Task objective: If a line below contains the string "integer", copy it out.

Raw data:
(* Let $d_1<d_2<d_3$ be positive integers with $\gcd(d_1,d_2,d_3)=1$ forming a minimal generating set. Let $r=r(N)$ satisfy $r(N)\to\infty$ and $r(N)/N\to0$ as $N\to\infty$. Let $\mathbb M_{N,r}$ be the set of integer vectors $\mathbf e=(Nd_1+j_1,Nd_2+j_2,Nd_3+j_3)$ with $-r\le j_i\le r$, $\gcd(e_1,e_2,e_3)=1$, and $\{e_1,e_2,e_3\}$ a minimal generating set. Define $$K_{N,r}=\frac{\sum_{\mathbf e\in\mathbb M_{N,r}} C(\mathbf e)}{\sum_{\mathbf e\in\mathbb M_{N,r}}\sqrt{e_1e_2e_3}}.$$ Then $\liminf_{N\to\infty}K_{N,r(N)}\ge\sqrt3$. In particular the conjectured value $g_3=\sqrt{2}$ (for which $\lim K_{N,r}$ would equal $\sqrt{2!}$) is not the limit.
   Context: $\mathsf S(e_1,e_2,e_3)=\{c_1e_1+c_2e_2+c_3e_3: c_i\in\mathbb Z_{\ge0}\}$. The conductor $C(\mathbf e)$ is the smallest integer $s$ such that every integer $\ge s$ lies in $\mathsf S(e_1,e_2,e_3)$. A set of positive integers is a minimal generating set if no element is a nonnegative integer combination of the others. *)

theory Defs
  imports "HOL-Analysis.Analysis" "HOL-Library.Liminf_Limsup"
begin

definition semigroup3 :: "int \<Rightarrow> int \<Rightarrow> int \<Rightarrow> int set" where
  "semigroup3 e1 e2 e3 =
     {c1 * e1 + c2 * e2 + c3 * e3 | c1 c2 c3. c1 \<ge> 0 \<and> c2 \<ge> 0 \<and> c3 \<ge> 0}"

definition conductor3 :: "int \<Rightarrow> int \<Rightarrow> int \<Rightarrow> int" where
  "conductor3 e1 e2 e3 = (LEAST s. \<forall>n\<ge>s. n \<in> semigroup3 e1 e2 e3)"

definition min_gen_set :: "int set \<Rightarrow> bool" where
  "min_gen_set A \<longleftrightarrow> finite A \<and> (\<forall>a\<in>A. a > 0) \<and>
     (\<forall>a\<in>A. \<not> (\<exists>c. (\<forall>b\<in>A - {a}. c b \<ge> (0::int)) \<and> a = (\<Sum>b\<in>A - {a}. c b * b)))"

definition MNr :: "int \<Rightarrow> int \<Rightarrow> int \<Rightarrow> nat \<Rightarrow> real \<Rightarrow> (int \<times> int \<times> int) set" where
  "MNr d1 d2 d3 N r =
     {(e1, e2, e3) | e1 e2 e3.
        \<bar>real_of_int (e1 - int N * d1)\<bar> \<le> r \<and>
        \<bar>real_of_int (e2 - int N * d2)\<bar> \<le> r \<and>
        \<bar>real_of_int (e3 - int N * d3)\<bar> \<le> r \<and>
        gcd e1 (gcd e2 e3) = 1 \<and> min_gen_set {e1, e2, e3}}"

definition KNr :: "int \<Rightarrow> int \<Rightarrow> int \<Rightarrow> nat \<Rightarrow> real \<Rightarrow> real" where
  "KNr d1 d2 d3 N r =
     (\<Sum>(e1, e2, e3)\<in>MNr d1 d2 d3 N r. real_of_int (conductor3 e1 e2 e3)) /
     (\<Sum>(e1, e2, e3)\<in>MNr d1 d2 d3 N r. sqrt (real_of_int (e1 * e2 * e3)))"

end

theory Submission
  imports Defs
begin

Task response:
(* Let $d_1<d_2<d_3$ be positive integers with $\gcd(d_1,d_2,d_3)=1$ forming a minimal generating set. Let $r=r(N)$ satisfy $r(N)\to\infty$ and $r(N)/N\to0$ as $N\to\infty$. Let $\mathbb M_{N,r}$ be the set of integer vectors $\mathbf e=(Nd_1+j_1,Nd_2+j_2,Nd_3+j_3)$ with $-r\le j_i\le r$, $\gcd(e_1,e_2,e_3)=1$, and $\{e_1,e_2,e_3\}$ a minimal generating set. Define $$K_{N,r}=\frac{\sum_{\mathbf e\in\mathbb M_{N,r}} C(\mathbf e)}{\sum_{\mathbf e\in\mathbb M_{N,r}}\sqrt{e_1e_2e_3}}.$$ Then $\liminf_{N\to\infty}K_{N,r(N)}\ge\sqrt3$. In particular the conjectured value $g_3=\sqrt{2}$ (for which $\lim K_{N,r}$ would equal $\sqrt{2!}$) is not the limit.
   Context: $\mathsf S(e_1,e_2,e_3)=\{c_1e_1+c_2e_2+c_3e_3: c_i\in\mathbb Z_{\ge0}\}$. The conductor $C(\mathbf e)$ is the smallest integer $s$ such that every integer $\ge s$ lies in $\mathsf S(e_1,e_2,e_3)$. A set of positive integers is a minimal generating set if no element is a nonnegative integer combination of the others. *)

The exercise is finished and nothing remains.